◆ WHAT YOU NEED TO DO
Go through the entries and count the lines with the string "shows" in them. Give only that number.

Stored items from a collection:
lemma pmf_cost_attained:
  assumes "finite (set_pmf \<pi>)" "finite (set_pmf \<pi>')"
  shows "\<exists>\<gamma>\<in>couplings \<pi> \<pi>'. E \<gamma> (\<lambda>z. cost (fst z) r (snd z)) = pmf_cost cost \<pi> r \<pi>'
    \<and> (\<forall>\<gamma>'\<in>couplings \<pi> \<pi>'. pmf_cost cost \<pi> r \<pi>' \<le> E \<gamma>' (\<lambda>z. cost (fst z) r (snd z)))"
proof -
  obtain \<gamma> where \<gamma>: "\<gamma> \<in> couplings \<pi> \<pi>'"
    and min: "\<forall>\<gamma>'\<in>couplings \<pi> \<pi>'.
                E \<gamma> (\<lambda>z. cost (fst z) r (snd z)) \<le> E \<gamma>' (\<lambda>z. cost (fst z) r (snd z))"
    using exists_optimal_coupling[OF assms] by blast
  then have "pmf_cost cost \<pi> r \<pi>' = E \<gamma> (\<lambda>z. cost (fst z) r (snd z))"
    unfolding pmf_cost_eq_INF[OF assms] by (intro cInf_eq_minimum) auto
  with \<gamma> min show ?thesis
    by (intro bexI[of _ \<gamma>]) simp_all
qed

lemma pmf_cost_le_coupling:
  assumes "finite (set_pmf \<pi>)" "finite (set_pmf \<pi>')" and "\<gamma> \<in> couplings \<pi> \<pi>'"
  shows "pmf_cost cost \<pi> r \<pi>' \<le> E \<gamma> (\<lambda>z. cost (fst z) r (snd z))"
  using pmf_cost_attained[OF assms(1,2), of cost r] assms(3) by blast

definition optimal_coupling :: "('x \<Rightarrow> 'r \<Rightarrow> 'x \<Rightarrow> real) \<Rightarrow> 'x pmf \<Rightarrow> 'r \<Rightarrow> 'x pmf \<Rightarrow> ('x \<times> 'x) pmf" where
  "optimal_coupling cost \<pi> r \<pi>' = (SOME \<gamma>. \<gamma> \<in> couplings \<pi> \<pi>'
     \<and> E \<gamma> (\<lambda>z. cost (fst z) r (snd z)) = pmf_cost cost \<pi> r \<pi>')"

lemma optimal_coupling:
  assumes "finite (set_pmf \<pi>)" "finite (set_pmf \<pi>')"
  shows "optimal_coupling cost \<pi> r \<pi>' \<in> couplings \<pi> \<pi>'"
    and "E (optimal_coupling cost \<pi> r \<pi>') (\<lambda>z. cost (fst z) r (snd z)) = pmf_cost cost \<pi> r \<pi>'"
proof -
  have "\<exists>\<gamma>. \<gamma> \<in> couplings \<pi> \<pi>' \<and> E \<gamma> (\<lambda>z. cost (fst z) r (snd z)) = pmf_cost cost \<pi> r \<pi>'"
    using pmf_cost_attained[OF assms, of cost r] by blast
  from someI_ex[OF this] show "optimal_coupling cost \<pi> r \<pi>' \<in> couplings \<pi> \<pi>'"
    and "E (optimal_coupling cost \<pi> r \<pi>') (\<lambda>z. cost (fst z) r (snd z)) = pmf_cost cost \<pi> r \<pi>'"
    unfolding optimal_coupling_def by blast+
qed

◆ ANSWER BOX
3